PROBLEM REQUIREMENTS | A verbatim reproduction of the lines below, from the line containing "by (rule compactE_image[OF" through the line containing "using U_mono[of n", both ends included, is the whole required output.

################

lemma lipschitz_on_infdist_cutoff: "(real k)-lipschitz_on UNIV (infdist_cutoff k F)"
proof (rule lipschitz_onI)
  fix x y
  have "\<bar>infdist x F - infdist y F\<bar> \<le> dist x y"
    by (rule infdist_triangle_abs)
  then have "\<bar>real k * infdist x F - real k * infdist y F\<bar> \<le> real k * dist x y"
    by (metis abs_mult abs_of_nat mult_left_mono of_nat_0_le_iff right_diff_distrib)
  then show "dist (infdist_cutoff k F x) (infdist_cutoff k F y) \<le> real k * dist x y"
    unfolding dist_real_def infdist_cutoff_def by linarith
qed simp

lemma infdist_cutoff_tendsto_indicator:
  assumes "closed F" "F \<noteq> {}"
  shows "(\<lambda>k. infdist_cutoff k F x) \<longlonglongrightarrow> indicator F x"
proof (cases "x \<in> F")
  case True
  then show ?thesis
    by (simp add: infdist_cutoff_def)
next
  case False
  then have "0 < infdist x F"
    using infdist_pos_not_in_closed assms by blast
  then obtain N where N: "1 / infdist x F < real N"
    using reals_Archimedean2 by blast
  have "infdist_cutoff k F x = indicator F x" if "N \<le> k" for k
  proof -
    have "real N \<le> real k"
      using that by simp
    then have "1 / infdist x F < real k"
      using N by linarith
    then have "1 < real k * infdist x F"
      using \<open>0 < infdist x F\<close> by (simp add: divide_less_eq)
    then show ?thesis
      using False by (simp add: infdist_cutoff_def)
  qed
  then show ?thesis
    by (intro tendsto_eventually eventually_sequentiallyI)
qed

lemma integral_infdist_cutoff_tendsto:
  assumes P: "P \<in> prob_measures" and F: "closed F" "F \<noteq> {}"
  shows "(\<lambda>k. \<integral>x. infdist_cutoff k F x \<partial>P) \<longlonglongrightarrow> measure P F"
proof -
  have "(\<lambda>k. \<integral>x. infdist_cutoff k F x \<partial>P) \<longlonglongrightarrow> (\<integral>x. indicator F x \<partial>P)"
  proof (rule integral_dominated_convergence[where w="\<lambda>_. 1"])
    show "indicator F \<in> borel_measurable P"
      using sets_prob_measures[OF P] F(1) by (intro borel_measurable_indicator) simp
    show "infdist_cutoff k F \<in> borel_measurable P" for k
      using lipschitz_on_continuous_on[OF lipschitz_on_infdist_cutoff]
      by (intro measurable_prob_measuresI[OF P] borel_measurable_continuous_onI)
    show "integrable P (\<lambda>_. 1::real)"
      by (rule integrable_prob_measuresI[OF P, where B=1]) auto
    show "AE x in P. (\<lambda>k. infdist_cutoff k F x) \<longlonglongrightarrow> indicator F x"
      using infdist_cutoff_tendsto_indicator[OF F] by simp
    show "AE x in P. norm (infdist_cutoff k F x) \<le> 1" for k
      by (intro AE_I2) (metis abs_of_nonneg infdist_cutoff_bounds real_norm_def)
  qed
  then show ?thesis
    using space_prob_measures[OF P] by simp
qed

lemma prob_measures_eqI_lipschitz:
  fixes \<mu> \<nu> :: "'a::metric_space measure"
  assumes \<mu>: "\<mu> \<in> prob_measures" and \<nu>: "\<nu> \<in> prob_measures"
    and eq: "\<And>(f :: 'a \<Rightarrow> real) k. k-lipschitz_on UNIV f \<Longrightarrow> (\<And>x. f x \<in> {0..1}) \<Longrightarrow>
      (\<integral>x. f x \<partial>\<mu>) = (\<integral>x. f x \<partial>\<nu>)"
  shows "\<mu> = \<nu>"
proof -
  interpret M: prob_space \<mu> using prob_space_prob_measures[OF \<mu>] .
  interpret N: prob_space \<nu> using prob_space_prob_measures[OF \<nu>] .
  have "measure \<mu> F = measure \<nu> F" if "closed F" "F \<noteq> {}" for F
  proof (rule LIMSEQ_unique)
    have "(\<integral>x. infdist_cutoff k F x \<partial>\<mu>) = (\<integral>x. infdist_cutoff k F x \<partial>\<nu>)" for k
      using lipschitz_on_infdist_cutoff infdist_cutoff_bounds by (intro eq) auto
    then show "(\<lambda>k. \<integral>x. infdist_cutoff k F x \<partial>\<mu>) \<longlonglongrightarrow> measure \<nu> F"
      using integral_infdist_cutoff_tendsto[OF \<nu> that] by simp
  qed (rule integral_infdist_cutoff_tendsto[OF \<mu> that])
  then have "emeasure \<mu> F = emeasure \<nu> F" if "closed F" for F
    using that by (cases "F = {}") (simp_all add: M.emeasure_eq_measure N.emeasure_eq_measure)
  moreover have "sets (borel :: 'a measure) = sigma_sets UNIV (Collect closed)"
    by (subst borel_eq_closed) (simp add: sets_measure_of)
  ultimately show ?thesis
    using sets_prob_measures[OF \<mu>] sets_prob_measures[OF \<nu>]
    by (intro measure_eqI_generator_eq[where E="Collect closed" and \<Omega>=UNIV and A="\<lambda>_. UNIV"])
      (auto simp: Int_stable_def closed_Int)
qed

lemma borel_measurable_lsc:
  fixes c :: "'a::topological_space \<Rightarrow> ennreal"
  assumes "lsc c"
  shows "c \<in> borel_measurable borel"
  by (rule borel_measurableI_greater) (use assms in \<open>auto simp: lsc_def\<close>)

lemma lsc_bounded_below_on_compact:
  fixes c :: "'a::topological_space \<Rightarrow> ennreal"
  assumes lsc: "lsc c" and S: "compact S" and pos: "\<And>z. z \<in> S \<Longrightarrow> c z \<noteq> 0"
  obtains m where "0 < m" "\<And>z. z \<in> S \<Longrightarrow> ennreal m < c z"
proof -
  define U where "U n = {z. ennreal (inverse (Suc n)) < c z}" for n :: nat
  have U_open: "open (U n)" for n
    using lsc by (simp add: U_def lsc_def)
  have U_mono: "U n \<subseteq> U n'" if "n \<le> n'" for n n'
  proof -
    have "ennreal (inverse (Suc n')) \<le> ennreal (inverse (Suc n))"
      using that by (intro ennreal_leI) (simp add: field_simps)
    then show ?thesis
      unfolding U_def using order.strict_trans1 by blast
  qed
  have cover: "S \<subseteq> (\<Union>n. U n)"
  proof
    fix z assume "z \<in> S"
    have "(\<lambda>n. ennreal (inverse (Suc n))) \<longlonglongrightarrow> 0"
      using tendsto_ennrealI[OF LIMSEQ_inverse_real_of_nat] by simp
    moreover have "0 < c z"
      using pos[OF \<open>z \<in> S\<close>] not_gr_zero by blast
    ultimately have "\<forall>\<^sub>F n in sequentially. ennreal (inverse (Suc n)) < c z"
      by (rule order_tendstoD)
    then obtain n where "ennreal (inverse (Suc n)) < c z"
      by (auto simp: eventually_sequentially)
    then show "z \<in> (\<Union>n. U n)"
      by (auto simp: U_def)
  qed
  obtain N where N: "N \<subseteq> UNIV" "finite N" "S \<subseteq> (\<Union>n\<in>N. U n)"
    by (rule compactE_image[OF S, of UNIV U]) (use U_open cover in auto)
  define M where "M = Max (insert 0 N)"
  show thesis
  proof (rule that[of "inverse (Suc M)"])
    fix z assume "z \<in> S"
    then obtain n where "n \<in> N" "z \<in> U n"
      using N by blast
    then have "z \<in> U M"
      using U_mono[of n M] N(2) by (auto simp: M_def)
    then show "ennreal (inverse (Suc M)) < c z"
      by (simp add: U_def)
  qed simp
qed

lemma lsc_bounded_below_near_compact:
  fixes c :: "'a::metric_space \<Rightarrow> ennreal"
  assumes lsc: "lsc c" and S: "compact S" and pos: "\<And>z. z \<in> S \<Longrightarrow> c z \<noteq> 0"
  obtains m e where "0 < m" "0 < e" "\<And>z p. p \<in> S \<Longrightarrow> dist z p < e \<Longrightarrow> ennreal m < c z"
proof -
  obtain m where "0 < m" and m: "\<And>z. z \<in> S \<Longrightarrow> ennreal m < c z"
    using lsc_bounded_below_on_compact[OF lsc S pos] by blast
  have "open {z. ennreal m < c z}"
    using lsc by (simp add: lsc_def)
  moreover have "S \<subseteq> {z. ennreal m < c z}"
    using m by blast
  ultimately obtain e where e: "0 < e" "(\<Union>p\<in>S. ball p e) \<subseteq> {z. ennreal m < c z}"
    using compact_subset_open_imp_ball_epsilon_subset[OF S] by blast
  show thesis
  proof (rule that[OF \<open>0 < m\<close> e(1)])
    fix z p assume "p \<in> S" "dist z p < e"
    then have "z \<in> ball p e"
      by (simp add: dist_commute)
    then show "ennreal m < c z"
      using subsetD[OF e(2) UN_I[OF \<open>p \<in> S\<close>]] by blast
  qed
qed

lemma dist_Pair_le_add: "dist (x, y) (a, b) \<le> dist x a + dist y b"
  unfolding dist_Pair_Pair using sqrt_sum_squares_le_sum_abs[of "dist x a" "dist y b"] by simp

lemma infdist_lessE:
  assumes "K \<noteq> {}" "infdist x K < r"
  obtains a where "a \<in> K" "dist x a < r"
  using assms by (auto simp: infdist_notempty cINF_less_iff)

lemma lsc_cost_separated_near_compact:
  fixes c :: "'a::metric_space \<times> 'a \<Rightarrow> ennreal"
  assumes lsc: "lsc c" and diag: "\<And>x y. c (x, y) = 0 \<Longrightarrow> x = y"
    and K: "compact K" "K \<noteq> {}" and "0 < \<delta>"
  obtains r m where "0 < r" "0 < m"
    "\<And>x y. infdist x K < r \<Longrightarrow> infdist y K < r \<Longrightarrow> \<delta> \<le> dist x y \<Longrightarrow> ennreal m < c (x, y)"
proof -
  \<comment> \<open>pairs near \<open>K\<close> that are \<open>\<delta>\<close> apart are close to pairs in \<open>K \<times> K\<close> that are \<open>\<delta>/2\<close> apart\<close>
  define S where "S = (K \<times> K) \<inter> {p. \<delta> / 2 \<le> dist (fst p) (snd p)}"
  have "closed {p :: 'a \<times> 'a. \<delta> / 2 \<le> dist (fst p) (snd p)}"
    by (intro closed_Collect_le continuous_intros)
  then have S_compact: "compact S"
    unfolding S_def using K(1) by (intro compact_Int_closed compact_Times)
  have S_pos: "c p \<noteq> 0" if "p \<in> S" for p
    using that diag[of "fst p" "snd p"] \<open>0 < \<delta>\<close> by (auto simp: S_def)
  obtain m e where me: "0 < m" "0 < e"
    and bound: "\<And>z p. p \<in> S \<Longrightarrow> dist z p < e \<Longrightarrow> ennreal m < c z"
    using lsc_bounded_below_near_compact[OF lsc S_compact S_pos] by blast
  show thesis
  proof (rule that[of "min (\<delta> / 4) (e / 2)" m])
    fix x y
    assume x: "infdist x K < min (\<delta> / 4) (e / 2)" and y: "infdist y K < min (\<delta> / 4) (e / 2)"
      and "\<delta> \<le> dist x y"
    obtain a where a: "a \<in> K" "dist x a < min (\<delta> / 4) (e / 2)"
      using infdist_lessE[OF K(2) x] .
    obtain b where b: "b \<in> K" "dist y b < min (\<delta> / 4) (e / 2)"
      using infdist_lessE[OF K(2) y] .
    have "dist x y \<le> dist x a + dist a b + dist y b"
      using dist_triangle[of x y a] dist_triangle[of a y b] dist_commute[of b y] by linarith
    then have "(a, b) \<in> S"
      using a b \<open>\<delta> \<le> dist x y\<close> by (auto simp: S_def)
    moreover have "dist (x, y) (a, b) < e"
      using dist_Pair_le_add[of x y a b] a(2) b(2) by linarith
    ultimately show "ennreal m < c (x, y)"
      by (rule bound)
  qed (use me \<open>0 < \<delta>\<close> in auto)
qed

lemma prob_measures_couplings: "\<pi> \<in> couplings \<alpha> \<beta> \<Longrightarrow> \<pi> \<in> prob_measures"
  by (simp add: couplings_def)

lemma measurable_fst_snd_couplings:
  assumes "\<pi> \<in> couplings \<alpha> \<beta>"
  shows "fst \<in> \<pi> \<rightarrow>\<^sub>M borel" "snd \<in> \<pi> \<rightarrow>\<^sub>M borel"
  by (auto intro!: measurable_prob_measuresI[OF prob_measures_couplings[OF assms]]
      borel_measurable_continuous_onI continuous_intros)

lemma integral_couplings:
  fixes g :: "'a::topological_space \<Rightarrow> real"
  assumes \<pi>: "\<pi> \<in> couplings \<alpha> \<beta>" and g: "g \<in> borel_measurable borel"
  shows "(\<integral>z. g (fst z) \<partial>\<pi>) = (\<integral>x. g x \<partial>\<alpha>)" "(\<integral>z. g (snd z) \<partial>\<pi>) = (\<integral>x. g x \<partial>\<beta>)"
proof -
  have "\<alpha> = distr \<pi> borel fst" "\<beta> = distr \<pi> borel snd"
    using \<pi> by (auto simp: couplings_def)
  then show "(\<integral>z. g (fst z) \<partial>\<pi>) = (\<integral>x. g x \<partial>\<alpha>)" "(\<integral>z. g (snd z) \<partial>\<pi>) = (\<integral>x. g x \<partial>\<beta>)"
    using integral_distr[OF _ g, symmetric] measurable_fst_snd_couplings[OF \<pi>] by metis+
qed

lemma integrable_couplings:
  fixes g :: "'a::topological_space \<Rightarrow> real"
  assumes \<pi>: "\<pi> \<in> couplings \<alpha> \<beta>" and g: "g \<in> borel_measurable borel" "\<And>x. \<bar>g x\<bar> \<le> B"
  shows "integrable \<pi> (\<lambda>z. g (fst z))" "integrable \<pi> (\<lambda>z. g (snd z))"
proof -
  interpret prob_space \<pi>
    using prob_space_prob_measures[OF prob_measures_couplings[OF \<pi>]] .
  show "integrable \<pi> (\<lambda>z. g (fst z))" "integrable \<pi> (\<lambda>z. g (snd z))"
    using measurable_compose[OF measurable_fst_snd_couplings(1)[OF \<pi>] g(1)]
      measurable_compose[OF measurable_fst_snd_couplings(2)[OF \<pi>] g(1)] g(2)
    by (auto intro: integrable_const_bound[where B=B])
qed

lemma abs_integral_diff_le_coupling:
  fixes f :: "'a::topological_space \<Rightarrow> real"
  assumes \<pi>: "\<pi> \<in> couplings \<alpha> \<beta>"
    and f: "f \<in> borel_measurable borel" "\<And>x. \<bar>f x\<bar> \<le> B"
    and g: "integrable \<pi> g" "\<And>x y. \<bar>f x - f y\<bar> \<le> g (x, y)"
  shows "\<bar>(\<integral>x. f x \<partial>\<alpha>) - (\<integral>x. f x \<partial>\<beta>)\<bar> \<le> (\<integral>z. g z \<partial>\<pi>)"
proof -
  note int = integrable_couplings[OF \<pi> f]
  have "(\<integral>x. f x \<partial>\<alpha>) - (\<integral>x. f x \<partial>\<beta>) = (\<integral>z. f (fst z) - f (snd z) \<partial>\<pi>)"
    using integral_couplings[OF \<pi> f(1)] int by simp
  also have "\<bar>\<dots>\<bar> \<le> (\<integral>z. \<bar>f (fst z) - f (snd z)\<bar> \<partial>\<pi>)"
    by (rule integral_abs_bound)
  also have "\<dots> \<le> (\<integral>z. g z \<partial>\<pi>)"
    using int g by (intro integral_mono) auto
  finally show ?thesis .
qed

################

RESULT |
    by (rule compactE_image[OF S, of UNIV U]) (use U_open cover in auto)
  define M where "M = Max (insert 0 N)"
  show thesis
  proof (rule that[of "inverse (Suc M)"])
    fix z assume "z \<in> S"
    then obtain n where "n \<in> N" "z \<in> U n"
      using N by blast
    then have "z \<in> U M"
      using U_mono[of n M] N(2) by (auto simp: M_def)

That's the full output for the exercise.